The Overachievers struck two important chords for me. First, I was a rising high school senior when it came out. Second, it took place at my own school, Walt Whitman, a large public high in Bethesda, Maryland. The profiled students were a few years above me. I shared the halls with them, and probably saw their hair accumulating in the rust-stained sinks. It’s difficult to comprehend now, but the midaughts were a time when the college admissions process—particularly for kids applying to elite schools—felt as if it were coming to a head, and teenage mental health along with it. No Child Left Behind continued to overhaul the country’s standardized testing apparatus. The College Board had just introduced an additional 800-point writing portion to the SAT test (since discontinued, along with SAT II subject tests). “The obsession over name-brand schools,” Robbins wrote, “is the most frenzied it has ever been.” She cited a 2004 Mediamark survey in which “more than half of American teenagers reported they were ‘stressed out all of the time or sometimes.’ ”

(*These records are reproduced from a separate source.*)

lemma sorted_nth_down_closed_iff:
  fixes xs :: "real list"
  assumes sorted: "sorted xs" and "k < length xs" and down: "\<And>x y. Q y \<Longrightarrow> x \<le> y \<Longrightarrow> Q x"
  shows "Q (xs ! k) \<longleftrightarrow> k < card {i. i < length xs \<and> Q (xs ! i)}"
proof
  assume "Q (xs ! k)"
  then have "{..k} \<subseteq> {i. i < length xs \<and> Q (xs ! i)}"
    using assms sorted_nth_mono[OF sorted] by auto
  from card_mono[OF _ this] show "k < card {i. i < length xs \<and> Q (xs ! i)}" by simp
next
  assume less: "k < card {i. i < length xs \<and> Q (xs ! i)}"
  show "Q (xs ! k)"
  proof (rule ccontr)
    assume not_Q: "\<not> Q (xs ! k)"
    have "i < k" if "i < length xs" "Q (xs ! i)" for i
    proof (rule ccontr)
      assume "\<not> i < k"
      then have "xs ! k \<le> xs ! i" using sorted_nth_mono[OF sorted] that by simp
      with down that(2) not_Q show False by blast
    qed
    then have "{i. i < length xs \<and> Q (xs ! i)} \<subseteq> {..<k}" by auto
    from card_mono[OF _ this] less show False by simp
  qed
qed

lemma kmin_down_closed_iff:
  fixes a :: "nat \<Rightarrow> real"
  assumes "1 \<le> k" "k \<le> n" and down: "\<And>x y. Q y \<Longrightarrow> x \<le> y \<Longrightarrow> Q x"
  shows "Q (kmin n k a) \<longleftrightarrow> k \<le> card {i. i < n \<and> Q (a i)}"
proof -
  define xs where "xs = sort (map a [0..<n])"
  have "card {i. i < n \<and> Q (a i)} = length (filter Q (map a [0..<n]))"
    by (simp add: filter_map length_filter_conv_card cong: conj_cong)
  also have "\<dots> = length (filter Q xs)"
    unfolding xs_def by (simp add: filter_sort)
  also have "\<dots> = card {i. i < length xs \<and> Q (xs ! i)}"
    by (rule length_filter_conv_card)
  finally have "card {i. i < n \<and> Q (a i)} = card {i. i < length xs \<and> Q (xs ! i)}" .
  moreover have "Q (xs ! (k - 1)) \<longleftrightarrow> k - 1 < card {i. i < length xs \<and> Q (xs ! i)}"
    using assms unfolding xs_def by (intro sorted_nth_down_closed_iff) auto
  ultimately show ?thesis using assms(1) unfolding kmin_def xs_def by auto
qed

section \<open>Condition (C) and odds\<close>

lemma odds_mono: "0 \<le> a \<Longrightarrow> a \<le> b \<Longrightarrow> b \<le> 1 \<Longrightarrow> odds a \<le> odds b"
  unfolding odds_def by (auto simp: frac_le)

lemma condC_iterate:
  assumes "condC K F" "K > 0" "t > 0"
  shows "ereal (2 ^ j) * odds (F t) \<le> odds (F (K ^ j * t))"
proof (induction j)
  case (Suc j)
  have "ereal (2 ^ Suc j) * odds (F t) = 2 * (ereal (2 ^ j) * odds (F t))"
    by (metis times_ereal.simps(1) mult.assoc power_Suc numeral_eq_ereal)
  also have "\<dots> \<le> 2 * odds (F (K ^ j * t))"
    using Suc.IH by (intro ereal_mult_left_mono) auto
  also have "\<dots> \<le> odds (F (K * (K ^ j * t)))"
    using assms unfolding condC_def by auto
  finally show ?case by (simp add: mult.assoc)
qed simp

lemma cross_le_of_odds_le:
  assumes "c > 0" "0 \<le> p" "p \<le> 1" "0 \<le> u" "u \<le> 1" and odds: "ereal c * odds u \<le> odds p"
  shows "c * u * (1 - p) \<le> p * (1 - u)"
proof (cases "u = 1 \<or> p = 1")
  case True
  with assms show ?thesis by (auto simp: odds_def split: if_splits)
next
  case False
  then have "u < 1" "p < 1" using assms by auto
  with odds have "c * u / (1 - u) \<le> p / (1 - p)" by (simp add: odds_def)
  with \<open>u < 1\<close> \<open>p < 1\<close> show ?thesis by (simp add: field_simps)
qed

text \<open>
  Condition (C) says nothing at \<open>t = 0\<close>; this rules out an atom at \<open>0\<close> of mass strictly
  between \<open>0\<close> and \<open>1\<close>, which matters when the quantile \<open>q\<close> is \<open>0\<close>.
\<close>

lemma condC_eq_1_right_of_atom:
  assumes C: "condC K F" and K: "K > 1" and mono: "mono F" and F01: "\<And>x. 0 \<le> F x \<and> F x \<le> 1"
    and atom: "0 < F 0" and x: "x > 0"
  shows "F x = 1"
proof (rule ccontr)
  assume "F x \<noteq> 1"
  then have x1: "F x < 1" using F01[of x] by simp
  show False
  proof (cases "F 0 = 1")
    case True
    with monoD[OF mono, of 0 x] x have "F 0 \<le> F x" by simp
    with True x1 show False by simp
  next
    case False
    define c where "c = F 0 / (1 - F 0)"
    have c: "c > 0" using atom False F01[of 0] by (simp add: c_def)
    obtain j :: nat where "F x / (1 - F x) / c < 2 ^ j" using real_arch_pow[of 2] by auto
    then have j: "F x / (1 - F x) < 2 ^ j * c" using pos_divide_less_eq[OF c] by blast
    have Kj: "K ^ j > 0" using K by simp
    have "odds (F 0) \<le> odds (F (x / K ^ j))"
      using F01 mono x Kj by (intro odds_mono) (auto simp: monoD)
    then have "ereal (2 ^ j) * odds (F 0) \<le> ereal (2 ^ j) * odds (F (x / K ^ j))"
      by (intro ereal_mult_left_mono) auto
    also have "\<dots> \<le> odds (F (K ^ j * (x / K ^ j)))"
      using condC_iterate[OF C, of "x / K ^ j" j] K x by simp
    also have "K ^ j * (x / K ^ j) = x" using K by simp
    finally have "2 ^ j * c \<le> F x / (1 - F x)"
      using False x1 Kj unfolding odds_def c_def by auto
    with j show False by simp
  qed
qed

lemma (in prob_space) condC_cdf_zero_or_one:
  fixes Z :: "'a \<Rightarrow> real"
  assumes K: "K > 1" and Z: "Z \<in> borel_measurable M"
    and C: "condC K (\<lambda>x. prob {\<omega>\<in>space M. Z \<omega> \<le> x})"
  shows "prob {\<omega>\<in>space M. Z \<omega> \<le> 0} = 0 \<or> prob {\<omega>\<in>space M. Z \<omega> \<le> 0} = 1"
proof (rule disjCI)
  assume "prob {\<omega>\<in>space M. Z \<omega> \<le> 0} \<noteq> 1"
  show "prob {\<omega>\<in>space M. Z \<omega> \<le> 0} = 0"
  proof (rule ccontr)
  assume "prob {\<omega>\<in>space M. Z \<omega> \<le> 0} \<noteq> 0"
  then have atom: "0 < prob {\<omega>\<in>space M. Z \<omega> \<le> 0}" by (simp add: zero_less_measure_iff)
  have events: "{\<omega>\<in>space M. Z \<omega> \<le> x} \<in> events" for x using Z by measurable
  have "mono (\<lambda>x. prob {\<omega>\<in>space M. Z \<omega> \<le> x})"
    by (intro monoI finite_measure_mono events) auto
  with condC_eq_1_right_of_atom[OF C K _ _ atom]
  have "AE \<omega> in M. Z \<omega> \<le> inverse (real (Suc m))" for m
    using prob_Collect_eq_1[OF events] by simp
  then have "AE \<omega> in M. \<forall>m. Z \<omega> \<le> inverse (real (Suc m))" by (simp add: AE_all_countable)
  then have "AE \<omega> in M. Z \<omega> \<le> 0"
    by (rule AE_mp, intro AE_I2 impI) (meson not_le reals_Archimedean)
  then show False using prob_Collect_eq_1[OF events] \<open>prob {\<omega>\<in>space M. Z \<omega> \<le> 0} \<noteq> 1\<close> by simp
  qed
qed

At Whitman, in an affluent D.C. suburb famous for having one of the highest Ph.D.-per-capita rates in America, the pressure was both ubiquitous and a point of pride. “We live in an achievement-oriented, workaholic culture,” wrote Robbins, herself a Whitman graduate, “that can no longer distinguish between striving for excellence and demanding perfection.”

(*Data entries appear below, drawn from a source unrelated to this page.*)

theorem lemma4p4:
  fixes V :: "'v set" and E :: "'e set" and ends :: "'e \<Rightarrow> 'v set"
    and Safe H F :: "'e set" and p q k :: nat and s t :: "nat \<Rightarrow> 'v"
    and \<beta> :: real and x :: "'e \<Rightarrow> real"
    and N :: "'n set" and TE :: "'f set" and tends :: "'f \<Rightarrow> 'n set"
    and M1 :: "'n \<Rightarrow> 'v" and M2 :: "'f \<Rightarrow> 'e list"
    and A B S :: "_ set"
  assumes "finite V" and "finite E"
    and "\<forall>e\<in>E. ends e \<subseteq> V \<and> 1 \<le> card (ends e) \<and> card (ends e) \<le> 2"
    and "Safe \<subseteq> E"
    and "p + q \<ge> 1"
    and "\<forall>i\<in>{1..k}. s i \<in> V \<and> t i \<in> V"
    and "H \<subseteq> E"
    and "\<forall>i\<in>{1..k}. flex_connected V H ends Safe p q (s i) (t i)"
    and "\<beta> \<ge> 1"
    and "\<forall>e\<in>E - H. 0 \<le> x e \<and> x e \<le> 1"
    and "\<forall>S. violated V H ends Safe p q k s t S \<longrightarrow> sum x (cut (E - H) ends S) \<ge> 1"
    and "\<forall>e\<in>E - H. 0 < x e \<and> x e < 1 / (4 * real (p + q) * \<beta>)"
    \<comment> \<open>F is a violating edge set\<close>
    and "violating_edge_set V H ends Safe p q k s t F"
    \<comment> \<open>a tree embedding of (G, xt) good for F\<close>
    and "tree_embedding V E ends N TE tends M1 M2"
    and "sum (ycap E ends (xt H p q \<beta> x) N TE tends M1) (Minv TE M2 F) \<le> 1 / 2"
    and "(A, B) \<in> Z_F V H ends k s t N TE tends M1 M2 F"
    and "S \<subseteq> N"
    and "\<forall>a\<in>leaves N TE tends. M1 a \<in> A \<longrightarrow> a \<in> S"
    and "\<forall>a\<in>leaves N TE tends. M1 a \<in> B \<longrightarrow> a \<notin> S"
  shows "sum (ycap E ends (xt H p q \<beta> x) N TE tends M1) (cut (TE - Minv TE M2 F) tends S)
           \<ge> 1 / (4 * real (p + q) * \<beta>)"
proof -
  let ?L = "leaves N TE tends" and ?c = "1 / (4 * real (p + q) * \<beta>)"
  let ?xt = "xt H p q \<beta> x" and ?MF = "Minv TE M2 F" and ?S' = "M1 ` (?L \<inter> S)"
  let ?y = "ycap E ends ?xt N TE tends M1"
  have T: "is_tree N TE tends" and bij: "bij_betw M1 ?L V"
    using assms(14) unfolding tree_embedding_def by blast+
  have "1 * 1 \<le> real (p + q) * \<beta>" by (rule mult_mono) (use assms(5,9) in auto)
  then have "4 \<le> 4 * real (p + q) * \<beta>" by linarith
  then have c_pos: "0 < ?c" and c_half: "?c \<le> 1 / 2" by (simp_all add: field_simps)
  have xt_nonneg: "\<forall>e\<in>E. 0 \<le> ?xt e" using assms(10) c_pos unfolding xt_def by simp
  have ends_V: "\<forall>e\<in>E. ends e \<subseteq> V" using assms(3) by blast
  show ?thesis
  proof (cases "cut H ends ?S' \<subseteq> F")
    case True
    have "finite H" using assms(2,7) by (rule finite_subset[rotated])
    from Z_F_cut_subset_violated[OF this assms(13,6,8,16) bij_betw_imp_surj_on[OF bij]
        assms(18,19) True]
    have "1 \<le> sum x (cut (E - H) ends ?S')" using assms(11) by blast
    also have "\<dots> = sum ?xt (cut (E - H) ends ?S')"
      by (rule sum.cong) (simp_all add: xt_def cut_def)
    finally have "1 / 2 \<le> sum ?y (cut (TE - ?MF) tends S)"
      by (intro ycap_cut_diff_ge_half[OF T bij assms(2) ends_V xt_nonneg _ _ _ assms(15)])
        (auto simp: cut_def Minv_def)
    with c_half show ?thesis by linarith
  next
    case False
    then obtain e where e: "e \<in> cut H ends ?S'" "e \<notin> F" by blast
    then have "e \<in> E" "e \<in> H - F" using assms(7) unfolding cut_def by auto
    then have "finite (ends e)" "card (ends e) \<le> 2" "ends e \<subseteq> V"
      using assms(3) by (metis card.infinite not_one_le_zero)+
    note conn = Z_F_crossing_edge_connected[OF assms(16,18,19) \<open>e \<in> H - F\<close> this]
    have "sum ?xt {e} \<le> sum ?y (cut (TE - ?MF) tends S)"
    proof (rule sum_le_ycap_cut[OF T bij assms(2) ends_V xt_nonneg])
      show "{e} \<subseteq> cut E ends ?S'" using e(1) \<open>e \<in> E\<close> unfolding cut_def by blast
      show "\<forall>e'\<in>{e}. \<forall>a\<in>?L \<inter> S. \<forall>b\<in>?L - S.
          M1 a \<in> ends e' \<longrightarrow> M1 b \<in> ends e' \<longrightarrow> (a, b) \<in> (adj (TE - ?MF) tends)\<^sup>*"
        using conn by simp
    qed blast
    then show ?thesis using \<open>e \<in> H - F\<close> by (simp add: xt_def)
  qed
qed

end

Some 20 years after The Overachievers, this characterization of 2000s teenage stress seems, if not misguided, then at least overwrought. The Centers for Disease Control and Prevention reports that suicide rates for people aged 10–24, stable from 2000 to 2007, leapt 60 percent between 2007 and 2018. Then we suffered a pandemic, driving an additional two-year, 51 percent increase in suicide-related ER visits for adolescent girls from 2019 to 2021. Surgeon General Vivek H. Murthy wrote that youth are “bombarded with messages through the media and popular culture that erode their sense of self-worth.” More specifically: “There is a clear need to better understand the impact of technologies such as social media on different kinds of users, and to address the harms to users most at risk.”
Unless you count Instant Messenger or Xanga blogs, the nervy Overachievers didn’t have social media or smartphones (or in some cases, even cellphones). It’s therefore surprising that the crux of Robbins’ 2006 argument should read: “We live in the Age of Comparison. Too often, we deem our own achievements worthless if they fall short of others’ standards. Our best isn’t good enough if it’s not as good as someone else’s best.”
The Age of Comparison, before contemporary social media? As a junior named C.J. told Robbins, “You can’t just be the smartest. You have to be the most athletic, you have to be able to have the most fun, you have to be the prettiest, the best-dressed, the nicest, the most wanted.”
Reading The Overachievers now, with the benefit of hindsight, is like looking into an eerie funhouse mirror. Was the high school environment of 2006 a pool of gasoline waiting for social media’s match, or was it already on fire? I wanted to find out, so I got in touch with Robbins. And then, God help me, I went back.
Two decades on, the brick facade of Walt Whitman High looks just as it does in the stress dreams that hound me to this day. (A test? I haven’t been to that class all semester!) There’s a glassy new addition out back, novel security measures around the entrance, and increased signage in the parking lot—a notorious hotbed for fender benders—but public schools are a special breed of time capsule, and Whitman is no exception.
I’ve arrived at the end of February, after early action decisions but during rolling admissions windows. Upperclassmen are predictably chewing their nails. Last year, U.S. News ranked Whitman first among Montgomery County high schools, fourth in the D.C. Metro area. Most of these students will graduate from superlative four-year colleges—a fact that guidance counselors stress throughout the process. But the lure of top options inflames competition. As senior Sonia Weliwitigoda tells me, “Everyone here is applying to top 20s and Ivies. During early admissions, people were freaking out.”
“I was a total mess,” agrees her classmate Rebecca Waldman. “I was in the back of sixth and seventh period thinking I’d throw up.”
Senior Nikhita Dass, online editor in chief of the school newspaper, applied to 29 schools this year. Colette Yehl, her print counterpart, applied to 23. There’s a consensus among students that the process represents, per Yehl, “a game with so many steps.” And there’s additional awareness that this place is an outlier—Dass says it’s “much more competitive” than her previous school in Scottsdale, Arizona. In these ways, little has changed since Whitman set the county record for public school SAT scores during my heyday (a mean of 1256; it’s now up to 1312). But while the school is physically about the same, daily American life—not to mention downtown Bethesda—is barely recognizable. I wanted to know if the levers of pressure had shifted during my time away.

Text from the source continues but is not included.